Legislation enacted late in 2015 provides new rules for IRS partnership audits. The new rules are a drastic departure from current rules and the IRS is hopeful that the rules will simplify the audit process and thus allow more partnership audits.

The provisions do not take effect until partnership tax years beginning on or after January 1, 2018, but an existing partnership may elect to apply the new rules to tax years starting in 2016.

Background

Under current rules, as provided by the Tax Equity and Fiscal Responsibility Act of 1982 (TEFRA), when the IRS audits a partnership with more than 10 partners, the IRS determines any changes to the partnership return in a single audit with the partnership. After determining the appropriate adjustments for the partnership as a whole, the IRS must recalculate the tax liability of each partner for the year under audit.

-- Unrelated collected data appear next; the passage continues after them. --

(* Let $a>1$ be an integer that is a zero divisor in $\mathbb{Z}/m\mathbb{Z}$, let $k\ge 1$ with $a^k\mid m$, and let $(K_n,\alpha)$ be an edge-labeled complete graph over $\mathbb{Z}/m\mathbb{Z}$ with ordered edge labels $a^{i_1},a^{i_2},\dots,a^{i_{r_n}}$. (1) If $a^{i_{r_n}}\mid a^{i_{r_n-1}}\mid\cdots\mid a^{i_2}\mid a^{i_1}\mid a^k$ with $i_{r_n}\ge1$ and $i_1<k$, then the set consisting of $(1,\dots,1)$ together with, for each $j=2,\dots,n$, the vector with $a^{i_{r_{j-1}+1}}$ at $v_j$ and $0$ elsewhere, is a minimum flow-up generating set of $[\mathbb{Z}/m\mathbb{Z}]_{(K_n,\alpha)}$; thus the rank is $n$. (2) If $a^{i_1}\mid a^{i_2}\mid\cdots\mid a^{i_{r_n}}\mid a^k$ with $i_1\ge1$ and $i_{r_n}<k$, then the set consisting of $(1,\dots,1)$ together with, for each $j=2,\dots,n$, the vector with entries $a^{i_{r_n-(n-j)}}$ at $v_j,\dots,v_n$ and $0$ at $v_1,\dots,v_{j-1}$, is a minimum flow-up generating set of $[\mathbb{Z}/m\mathbb{Z}]_{(K_n,\alpha)}$; thus the rank is $n$.
   Context: A spline on an edge-labeled graph $(G,\alpha)$ over $\mathbb{Z}/m\mathbb{Z}$ (edges labeled by nonzero ideals) is a vector $(f_{v_1},\dots,f_{v_n})\in(\mathbb{Z}/m\mathbb{Z})^n$ with $f_{v_i}-f_{v_j}\in\alpha(v_iv_j)$ for every edge; the splines form a $\mathbb{Z}$-module $[\mathbb{Z}/m\mathbb{Z}]_{(G,\alpha)}$. An $i$-th flow-up class is a spline with $f_{v_i}\ne0$ and $f_{v_t}=0$ for $t<i$. A minimum generating set is a generating set of the $\mathbb{Z}$-module of smallest size (the rank); a minimum flow-up generating set is one consisting of flow-up classes. $K_n$ is the complete graph on $v_1,\dots,v_n$; $r_k=k(k-1)/2$; for $1\le j<k\le n$ the edge $v_jv_k$ is $e_{r_{k-1}+j}$. "Ordered edge labels $l_1,\dots,l_{r_n}$" means $\alpha(e_s)$ is the ideal generated by $l_s+m\mathbb{Z}$. Vectors are written $(f_{v_1},\dots,f_{v_n})$. *)

theory Defs
  imports "HOL-Number_Theory.Cong"
begin

text \<open>Elements of Z/mZ are represented by their canonical residues in {0..<m};
  a vector (f_{v_1},...,f_{v_n}) is a list of length n (vertex v_i is list index i-1).\<close>

definition r :: "nat \<Rightarrow> nat" where
  "r k = k * (k - 1) div 2"

text \<open>Edge v_j v_k (j<k) of K_n is e_{r(k-1)+j}; its label is the ideal generated by l(r(k-1)+j) + mZ.\<close>

definition vec_mod :: "int \<Rightarrow> nat \<Rightarrow> int list set" where
  "vec_mod m n = {f. length f = n \<and> (\<forall>x\<in>set f. 0 \<le> x \<and> x < m)}"

definition splines :: "int \<Rightarrow> nat \<Rightarrow> (nat \<Rightarrow> int) \<Rightarrow> int list set" where
  "splines m n l = {f \<in> vec_mod m n.
     \<forall>j k. 1 \<le> j \<and> j < k \<and> k \<le> n \<longrightarrow>
       (\<exists>c. [f ! (j - 1) - f ! (k - 1) = c * l (r (k - 1) + j)] (mod m))}"

definition zspan :: "int \<Rightarrow> nat \<Rightarrow> int list set \<Rightarrow> int list set" where
  "zspan m n S = {f \<in> vec_mod m n. \<exists>F c. finite F \<and> F \<subseteq> S \<and>
       (\<forall>i<n. [f ! i = (\<Sum>g\<in>F. c g * g ! i)] (mod m))}"

definition is_gen_set :: "int \<Rightarrow> nat \<Rightarrow> (nat \<Rightarrow> int) \<Rightarrow> int list set \<Rightarrow> bool" where
  "is_gen_set m n l S \<longleftrightarrow> S \<subseteq> splines m n l \<and> splines m n l \<subseteq> zspan m n S"

definition is_min_gen_set :: "int \<Rightarrow> nat \<Rightarrow> (nat \<Rightarrow> int) \<Rightarrow> int list set \<Rightarrow> bool" where
  "is_min_gen_set m n l S \<longleftrightarrow> is_gen_set m n l S \<and> finite S \<and>
     (\<forall>S'. is_gen_set m n l S' \<and> finite S' \<longrightarrow> card S \<le> card S')"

For partnerships with 10 or fewer partners, the IRS must audit the partner and the partnership separately. These small partnerships may elect to be audited under the TEFRA procedures. Further, large partnerships (100 or more partners) could elect the 'unified TEFRA' audit procedures whereby current year partners would report the audit adjustment on their current (instead of audit year) tax returns.

New regime

TEFRA is repealed, and the partnership itself is required to pay the tax (at the highest tax brackets) related to the audit adjustments. Thus, the current year partners bear the economic impact. Interest and penalties, if any, are also paid by the partnership. Alternatively, the partnership may choose to a)furnish each audit year partner with audit information so that each audit year partner files their own amended tax return, or b) send the audit year partners a statement of adjustment, and those partners would pay any increase in tax on their current year tax returns, with an additional 2% interest (above the prevailing rate) as a 'toll charge' for not amending their audit year return.

Electing out

A partnership with 100 or fewer partners may opt out of the new regime. Thus, the IRS conceivably would have to conduct up to 100 audits of individual taxpayers.

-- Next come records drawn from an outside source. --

text \<open>"A - C \<le> B - D" means A + D \<le> B + C termwise (with |A|+|D| = |B|+|C|).\<close>
definition diff_le :: "int multiset \<Rightarrow> int multiset \<Rightarrow> int multiset \<Rightarrow> int multiset \<Rightarrow> bool" where
  "diff_le A C B D \<longleftrightarrow> size A + size D = size B + size C \<and> termwise_le (A + D) (B + C)"

definition imset :: "nat set \<Rightarrow> int multiset" where
  "imset S = image_mset int (mset_set S)"

definition cbar :: "nat \<Rightarrow> nat set \<Rightarrow> nat set" where
  "cbar n B = {1..n} - B"

type_synonym 'k pol = "((nat \<times> nat) \<Rightarrow>\<^sub>0 nat) \<Rightarrow>\<^sub>0 'k"

definition var :: "nat \<times> nat \<Rightarrow> 'k::comm_ring_1 pol" where
  "var x = Poly_Mapping.single (Poly_Mapping.single x 1) 1"

definition xU :: "(nat \<times> nat) multiset \<Rightarrow> 'k::comm_ring_1 pol" where
  "xU U = prod_mset (image_mset var U)"

definition KO :: "nat \<Rightarrow> nat set \<Rightarrow> 'k::comm_ring_1 pol set" where
  "KO n B = {p :: 'k pol. \<forall>t \<in> Poly_Mapping.keys p. Poly_Mapping.keys t \<subseteq> cbar n B \<times> B}"

definition ideal_gen_in :: "'k::comm_ring_1 pol set \<Rightarrow> 'k pol set \<Rightarrow> 'k pol set" where
  "ideal_gen_in R G = {p. \<exists>cs gs. length cs = length gs \<and> set cs \<subseteq> R \<and> set gs \<subseteq> G \<and>
      p = (\<Sum>(c, g) \<leftarrow> zip cs gs. c * g)}"

text \<open>Multiset of the initial term of f_{theta,beta}: for theta\beta = {r_1<..<r_k},
  beta\theta = {s_1<..<s_k}, in f = x_{r_1 s_k} x_{r_2 s_{k-1}} ... x_{r_k s_1}.\<close>
definition in_mset :: "nat set \<Rightarrow> nat set \<Rightarrow> (nat \<times> nat) multiset" where
  "in_mset \<theta> B = mset (zip (sorted_list_of_set (\<theta> - B)) (rev (sorted_list_of_set (B - \<theta>))))"

definition in_f :: "nat set \<Rightarrow> nat set \<Rightarrow> 'k::comm_ring_1 pol" where
  "in_f \<theta> B = xU (in_mset \<theta> B)"

definition inG :: "nat \<Rightarrow> nat \<Rightarrow> nat set \<Rightarrow> nat set \<Rightarrow> nat set \<Rightarrow> 'k::comm_ring_1 pol set" where
  "inG d n \<alpha> B \<gamma> = ideal_gen_in (KO n B)
     {in_f \<theta> B | \<theta>. \<theta> \<in> Idn d n \<and> (\<not> Ile \<alpha> \<theta> \<or> \<not> Ile \<theta> \<gamma>)}"

definition is_chain :: "(nat \<times> nat) set \<Rightarrow> bool" where
  "is_chain C \<longleftrightarrow> (\<exists>ps. C = set ps \<and> sorted_wrt (\<lambda>p q. fst p < fst q \<and> snd p > snd q) ps)"

definition chain_ok :: "nat set \<Rightarrow> nat set \<Rightarrow> nat set \<Rightarrow> (nat \<times> nat) set \<Rightarrow> bool" where
  "chain_ok \<alpha> B \<gamma> C \<longleftrightarrow>
     diff_le (imset (\<alpha> - B)) (imset (B - \<alpha>)) (imset (fst ` C)) (imset (snd ` C)) \<and>
     diff_le (imset (fst ` C)) (imset (snd ` C)) (imset (\<gamma> - B)) (imset (B - \<gamma>))"

definition good_mset :: "nat set \<Rightarrow> nat set \<Rightarrow> nat set \<Rightarrow> (nat \<times> nat) multiset \<Rightarrow> bool" where
  "good_mset \<alpha> B \<gamma> U \<longleftrightarrow> (\<forall>C. is_chain C \<and> C \<subseteq> set_mset U \<longrightarrow> chain_ok \<alpha> B \<gamma> C)"

definition monomials_deg :: "nat \<Rightarrow> nat set \<Rightarrow> nat \<Rightarrow> 'k::comm_ring_1 pol set" where
  "monomials_deg n B m = {Poly_Mapping.single t 1 | t :: (nat \<times> nat) \<Rightarrow>\<^sub>0 nat. Poly_Mapping.keys t \<subseteq> cbar n B \<times> B \<and>
      (\<Sum>v \<in> Poly_Mapping.keys t. Poly_Mapping.lookup t v) = m}"

end

theory Submission
  imports Defs
begin

(* The ideal in G^gamma_{alpha,beta} is generated by monomials, so x_U lies in it iff the
   initial term of some f_{theta,beta} with theta outside the interval [alpha, gamma] divides
   x_U. That initial term is the product over a chain with first coordinates theta - beta and
   second coordinates beta - theta; conversely every chain C in cbar beta x beta arises in this
   way from theta = (beta - C_(2)) \<union> C_(1). Under this correspondence alpha \<le> theta \<le> gamma
   is exactly the chain condition: sorted sequences compare termwise iff, for every threshold t,
   the first has at most as many entries \<ge> t as the second, and these counts are additive, so
   the elements common to beta cancel. *)

definition pm_of_mset :: "'a multiset \<Rightarrow> 'a \<Rightarrow>\<^sub>0 nat" where
  "pm_of_mset U = sum_mset (image_mset (\<lambda>x. Poly_Mapping.single x 1) U)"

definition mset_of_pm :: "('a \<Rightarrow>\<^sub>0 nat) \<Rightarrow> 'a multiset" where
  "mset_of_pm t = Abs_multiset (Poly_Mapping.lookup t)"

lemma lookup_pm_of_mset [simp]: "Poly_Mapping.lookup (pm_of_mset U) = count U"
  by (rule ext, induction U) (auto simp: pm_of_mset_def lookup_add lookup_single when_def)

lemma keys_pm_of_mset [simp]: "Poly_Mapping.keys (pm_of_mset U) = set_mset U"
  by (auto simp: in_keys_iff)

lemma pm_of_mset_inject: "pm_of_mset U = pm_of_mset V \<longleftrightarrow> U = V"
  by (metis lookup_pm_of_mset multiset_eqI)

lemma pm_of_mset_plus: "pm_of_mset (U + V) = pm_of_mset U + pm_of_mset V"
  by (simp add: pm_of_mset_def)

lemma count_mset_of_pm: "count (mset_of_pm t) = Poly_Mapping.lookup t"
proof -
  have "{x. 0 < Poly_Mapping.lookup t x} = Poly_Mapping.keys t"
    by (auto simp: in_keys_iff)
  then show ?thesis
    unfolding mset_of_pm_def by (subst count_Abs_multiset) auto
qed

lemma pm_of_mset_of_pm [simp]: "pm_of_mset (mset_of_pm t) = t"
  by (rule poly_mapping_eqI) (simp add: count_mset_of_pm)

lemma sum_lookup_pm_of_mset:
  "(\<Sum>v \<in> Poly_Mapping.keys (pm_of_mset U). Poly_Mapping.lookup (pm_of_mset U) v) = size U"
  by (simp add: size_multiset_overloaded_eq)

lemma image_pm_of_mset_size:
  "pm_of_mset ` {U. set_mset U \<subseteq> S \<and> size U = m} =
    {t. Poly_Mapping.keys t \<subseteq> S \<and> (\<Sum>v \<in> Poly_Mapping.keys t. Poly_Mapping.lookup t v) = m}"
proof (intro equalityI subsetI)
  fix t assume "t \<in> {t. Poly_Mapping.keys t \<subseteq> S \<and> (\<Sum>v \<in> Poly_Mapping.keys t. Poly_Mapping.lookup t v) = m}"
  then show "t \<in> pm_of_mset ` {U. set_mset U \<subseteq> S \<and> size U = m}"
    using sum_lookup_pm_of_mset[of "mset_of_pm t"] keys_pm_of_mset[of "mset_of_pm t"]
    by (intro image_eqI[of _ _ "mset_of_pm t"]) auto
qed (auto simp: size_multiset_overloaded_eq)

lemma xU_eq_single: "(xU U :: 'k::comm_ring_1 pol) = Poly_Mapping.single (pm_of_mset U) 1"
  by (induction U) (simp_all add: xU_def var_def mult_single pm_of_mset_def)

lemma xU_inject: "(xU U :: 'k::comm_ring_1 pol) = xU V \<longleftrightarrow> U = V"
proof -
  have "Poly_Mapping.keys (xU U :: 'k pol) = {pm_of_mset U}" for U
    by (simp add: xU_eq_single)
  then show ?thesis
    by (metis pm_of_mset_inject singleton_inject)
qed

lemma keys_combination_of_monomials:
  fixes xs :: "('k::comm_ring_1 pol \<times> 'k pol) list"
  assumes "snd ` set xs \<subseteq> xU ` W"
  shows "Poly_Mapping.keys (\<Sum>(c, g) \<leftarrow> xs. c * g) \<subseteq> {u + pm_of_mset V | u V. V \<in> W}"
  using assms
proof (induction xs)
  case Nil
  then show ?case by simp
next
  case (Cons cg xs)
  then obtain c V where cg: "cg = (c, xU V)" "V \<in> W"
    by (cases cg) auto
  have "Poly_Mapping.keys (c * xU V :: 'k pol) \<subseteq> {u + pm_of_mset V | u. True}"
    using keys_mult[of c "xU V"] by (auto simp: xU_eq_single)
  also have "\<dots> \<subseteq> {u + pm_of_mset V | u V. V \<in> W}"
    using cg(2) by blast
  finally have head: "Poly_Mapping.keys (c * xU V) \<subseteq> {u + pm_of_mset V | u V. V \<in> W}" .
  have tail: "Poly_Mapping.keys (\<Sum>(c, g) \<leftarrow> xs. c * g) \<subseteq> {u + pm_of_mset V | u V. V \<in> W}"
    using Cons by simp
  have "Poly_Mapping.keys (c * xU V + (\<Sum>(c, g) \<leftarrow> xs. c * g))
      \<subseteq> {u + pm_of_mset V | u V. V \<in> W}"
    using keys_add head tail by (meson Un_least order_trans)
  then show ?case
    by (simp add: cg(1))
qed

lemma xU_in_ideal_gen_in_iff:
  assumes U: "set_mset U \<subseteq> cbar n B \<times> B"
  shows "(xU U :: 'k::comm_ring_1 pol) \<in> ideal_gen_in (KO n B) (xU ` W) \<longleftrightarrow> (\<exists>V\<in>W. V \<subseteq># U)"
proof
  assume "(xU U :: 'k pol) \<in> ideal_gen_in (KO n B) (xU ` W)"
  then obtain cs gs where "length cs = length gs" "set gs \<subseteq> xU ` W"
    and sum: "(xU U :: 'k pol) = (\<Sum>(c, g) \<leftarrow> zip cs gs. c * g)"
    unfolding ideal_gen_in_def by blast
  then have "snd ` set (zip cs gs) \<subseteq> xU ` W"
    by (metis set_map map_snd_zip)
  then have "Poly_Mapping.keys (xU U :: 'k pol) \<subseteq> {u + pm_of_mset V | u V. V \<in> W}"
    unfolding sum by (rule keys_combination_of_monomials)
  then have "pm_of_mset U \<in> {u + pm_of_mset V | u V. V \<in> W}"
    by (simp add: xU_eq_single)
  then obtain u V where "pm_of_mset U = u + pm_of_mset V" "V \<in> W"
    by blast
  then have "U = mset_of_pm u + V" "V \<in> W"
    by (simp_all flip: pm_of_mset_inject add: pm_of_mset_plus)
  then show "\<exists>V\<in>W. V \<subseteq># U"
    using mset_subset_eq_add_right by blast
next
  assume "\<exists>V\<in>W. V \<subseteq># U"
  then obtain V where V: "V \<in> W" "V \<subseteq># U" by blast
  have "(xU U :: 'k pol) = xU ((U - V) + V)"
    using V(2) by simp
  also have "\<dots> = xU (U - V) * xU V"
    by (simp add: xU_def)
  finally have factor: "(xU U :: 'k pol) = xU (U - V) * xU V" .
  have "set_mset (U - V) \<subseteq> cbar n B \<times> B"
    using U by (meson in_diffD subset_iff)
  then have cofactor: "(xU (U - V) :: 'k pol) \<in> KO n B"
    by (simp add: KO_def xU_eq_single)
  have "(xU U :: 'k pol) = (\<Sum>(c, g) \<leftarrow> zip [xU (U - V)] [xU V]. c * g)"
    using factor by simp
  moreover have "set [xU V] \<subseteq> (xU ` W :: 'k pol set)"
    using V(1) by simp
  ultimately show "(xU U :: 'k pol) \<in> ideal_gen_in (KO n B) (xU ` W)"
    using cofactor unfolding ideal_gen_in_def mem_Collect_eq
    by (intro exI[of _ "[xU (U - V)]"] exI[of _ "[xU V]"]) simp
qed

lemma sorted_nth_le_iff_count_ge:
  fixes xs ys :: "'a::linorder list"
  assumes sx: "sorted xs" and sy: "sorted ys" and len: "length xs = length ys"
  shows "(\<forall>i<length xs. xs ! i \<le> ys ! i) \<longleftrightarrow>
         (\<forall>t. length (filter ((\<le>) t) xs) \<le> length (filter ((\<le>) t) ys))"
proof
  assume le: "\<forall>i<length xs. xs ! i \<le> ys ! i"
  show "\<forall>t. length (filter ((\<le>) t) xs) \<le> length (filter ((\<le>) t) ys)"
  proof
    fix t
    have "{i. i < length xs \<and> t \<le> xs ! i} \<subseteq> {i. i < length ys \<and> t \<le> ys ! i}"
      using le len by force
    then show "length (filter ((\<le>) t) xs) \<le> length (filter ((\<le>) t) ys)"
      unfolding length_filter_conv_card by (intro card_mono) auto
  qed
next
  assume count: "\<forall>t. length (filter ((\<le>) t) xs) \<le> length (filter ((\<le>) t) ys)"
  show "\<forall>i<length xs. xs ! i \<le> ys ! i"
  proof (rule ccontr)
    assume "\<not> (\<forall>i<length xs. xs ! i \<le> ys ! i)"
    then obtain i where i: "i < length xs" "ys ! i < xs ! i" by force
    \<comment> \<open>at the threshold \<open>xs ! i\<close>, \<open>xs\<close> has at least \<open>length xs - i\<close> entries, \<open>ys\<close> fewer\<close>
    have "{i..<length xs} \<subseteq> {j. j < length xs \<and> xs ! i \<le> xs ! j}"
      using sx by (auto intro: sorted_nth_mono)
    from card_mono[OF _ this]
    have "length xs - i \<le> card {j. j < length xs \<and> xs ! i \<le> xs ! j}"
      by simp
    moreover have "{j. j < length ys \<and> xs ! i \<le> ys ! j} \<subseteq> {Suc i..<length xs}"
      using sy i len by (auto simp: not_less_eq_eq dest: sorted_nth_mono[of ys _ i])
    from card_mono[OF _ this]
    have "card {j. j < length ys \<and> xs ! i \<le> ys ! j} \<le> length xs - Suc i"
      by simp
    moreover have "card {j. j < length xs \<and> xs ! i \<le> xs ! j} \<le> card {j. j < length ys \<and> xs ! i \<le> ys ! j}"
      using count unfolding length_filter_conv_card by blast
    ultimately show False
      using i by linarith
  qed
qed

Partners must be individuals, C corporations, foreign entities that would be domestic C corporations, S corporations (special rules apply for counting owners as partners), and estates of deceased partners (partnerships with LLCs or trusts as partners are not eligible to elect out). The number of partners would be based on the number of Schedules K-1 issued by the partnership. The IRS may prescribe rules for treating other entities as eligible partners.

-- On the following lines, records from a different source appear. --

definition laguerre :: "nat \<Rightarrow> real \<Rightarrow> real \<Rightarrow> real" where
  "laguerre n \<alpha> t = (\<Sum>k\<le>n. pochhammer (\<alpha> + real k + 1) (n - k) / fact (n - k)
                                * (-t) ^ k / fact k)"

definition jacobi :: "nat \<Rightarrow> real \<Rightarrow> real \<Rightarrow> real \<Rightarrow> real" where
  "jacobi n \<alpha> \<beta> s = (\<Sum>k\<le>n. pochhammer (\<alpha> + real k + 1) (n - k)
        * pochhammer (real n + \<alpha> + \<beta> + 1) k / (fact k * fact (n - k)) * ((s - 1) / 2) ^ k)"

text \<open>The polynomial (in r = |x|^2 and t) t^(2j) P_j^(alpha,beta)(2 r / t^2 - 1),
  written without division so that it is also meaningful (the polynomial value) at t = 0.\<close>
definition hjacobi :: "nat \<Rightarrow> real \<Rightarrow> real \<Rightarrow> real \<Rightarrow> real \<Rightarrow> real" where
  "hjacobi j \<alpha> \<beta> r t = (\<Sum>k\<le>j. pochhammer (\<alpha> + real k + 1) (j - k)
        * pochhammer (real j + \<alpha> + \<beta> + 1) k / (fact k * fact (j - k))
        * (r - t\<^sup>2) ^ k * t ^ (2 * (j - k)))"

lemma hjacobi_eq:
  assumes "t \<noteq> 0"
  shows "t ^ (2 * j) * jacobi j \<alpha> \<beta> (2 * r / t\<^sup>2 - 1) = hjacobi j \<alpha> \<beta> r t"
proof -
  have "t ^ (2 * j) * ((2 * r / t\<^sup>2 - 1 - 1) / 2) ^ k = (r - t\<^sup>2) ^ k * t ^ (2 * (j - k))"
    if "k \<le> j" for k
  proof -
    have e: "(2 * r / t\<^sup>2 - 1 - 1) / 2 = (r - t\<^sup>2) / t\<^sup>2" using assms
      by (simp add: field_simps)
    have "2 * j = 2 * (j - k) + 2 * k" using that by simp
    then have "t ^ (2 * j) = t ^ (2 * (j - k)) * (t\<^sup>2) ^ k"
      by (metis power_add power_mult)
    have "(t\<^sup>2) ^ k * ((r - t\<^sup>2) / t\<^sup>2) ^ k = (r - t\<^sup>2) ^ k" using assms
      by (simp add: power_divide)
    then show ?thesis unfolding e using \<open>t ^ (2 * j) = _\<close>
      by (metis mult.assoc mult.commute)
  qed
  then show ?thesis
    unfolding jacobi_def hjacobi_def sum_distrib_left
    by (intro sum.cong) (auto simp: algebra_simps)
qed

definition pdiff :: "'n::finite \<Rightarrow> (real^'n \<Rightarrow> real) \<Rightarrow> real^'n \<Rightarrow> real" where
  "pdiff i f x = deriv (\<lambda>s. f (x + s *\<^sub>R axis i 1)) 0"

definition laplacian :: "(real^'n::finite \<Rightarrow> real) \<Rightarrow> real^'n \<Rightarrow> real" where
  "laplacian f x = (\<Sum>i\<in>UNIV. pdiff i (pdiff i f) x)"

definition harmonic_hom :: "nat \<Rightarrow> (real^'n::finite \<Rightarrow> real) set" where
  "harmonic_hom p = {Y. (\<exists>c :: ('n \<Rightarrow> nat) \<Rightarrow> real.
        \<forall>x. Y x = (\<Sum>\<alpha>\<in>{\<alpha>. sum \<alpha> UNIV = p}. c \<alpha> * (\<Prod>i\<in>UNIV. (x $ i) ^ \<alpha> i)))
      \<and> (\<forall>x. laplacian Y x = 0)}"

text \<open>Q^{n,mu}_{m,j,l}(x,t) with the harmonic polynomial Y = Y_l^{m-2j} as a parameter.\<close>
definition Qpoly :: "nat \<Rightarrow> nat \<Rightarrow> nat \<Rightarrow> real \<Rightarrow> (real^'n::finite \<Rightarrow> real) \<Rightarrow> real^'n \<Rightarrow> real \<Rightarrow> real" where
  "Qpoly n m j \<mu> Y x t =
     laguerre (n - m) (2 * real m + 2 * \<mu> + real CARD('n)) t
     * hjacobi j \<mu> (real m - 2 * real j + (real CARD('n) - 2) / 2) ((norm x)\<^sup>2) t
     * Y x"

definition acoef :: "nat \<Rightarrow> nat \<Rightarrow> nat \<Rightarrow> real" where
  "acoef d m j = (if m = 0 \<and> d = 2 then 1
     else (2 * real m - 2 * real j + real d - 2) / (2 * real m + real d - 2))"

definition bcoef :: "nat \<Rightarrow> nat \<Rightarrow> real" where
  "bcoef m n = (real n - real m + 1) * (real n - real m + 2)"

end

theory Submission
  imports Defs
begin

(* Write Q^{n,-1}(x,t) = L(t) H(|x|^2, t) Y(x), where L = L^gamma_{n-m} with gamma = 2m - 2 + d
   and H = t^{2j} P_j^{(-1,beta)}(2r/t^2 - 1).  Because L' = L^gamma - L^(gamma+1), the conjugated
   operator e^t d_tt e^-t maps L h to L^(gamma+2) h - 2 L^(gamma+1) h' + L^gamma h''; and for Y
   harmonic and homogeneous of degree p, Delta (Phi(|x|^2) Y) = (4 r Phi'' + (2d + 4p) Phi') Y by
   Euler's identity.  In the variables w = r - t^2, s = t^2 the Jacobi factor H is a binary form of
   degree j, so the identities it has to satisfy become relations between its coefficients: with
   c = j + beta and H_A, H_B the factors with mu = 0 of degrees j and j - 1,
     d_t H = -2 c t H_B,   d_tt H - 4 r d_rr H - 4 (beta + 1) d_r H = -2 c (gamma - 1) H_B,
     (c + j) H = c (H_A - t^2 H_B).
   Combined with the three-term relation expressing (N+1)(N+2) L^(gamma-2)_(N+2) through L^gamma_N,
   L^(gamma+1)_N and L^(gamma+2)_N, this matches the right-hand side. *)

section \<open>Laguerre polynomials\<close>

definition laguerre_coeff :: "nat \<Rightarrow> real \<Rightarrow> nat \<Rightarrow> real" where
  "laguerre_coeff N a k = (if k \<le> N then ((a + real N) gchoose (N - k)) * (-1) ^ k / fact k else 0)"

Partnership representative

Unlike the Tax Matters Partner procedures under TEFRA, the partnership will designate a partnership representative (PR) to deal with the IRS, who does not have to be a partner. The PR will have sole authority to act on behalf of the partnership. The partnership and all partners will be bound by the actions of the partnership. The new law does away with TEFRA rights for individual partners to receive notice of the audit and to participate in the audit. Partnerships could organize a group of partners to advise the PR.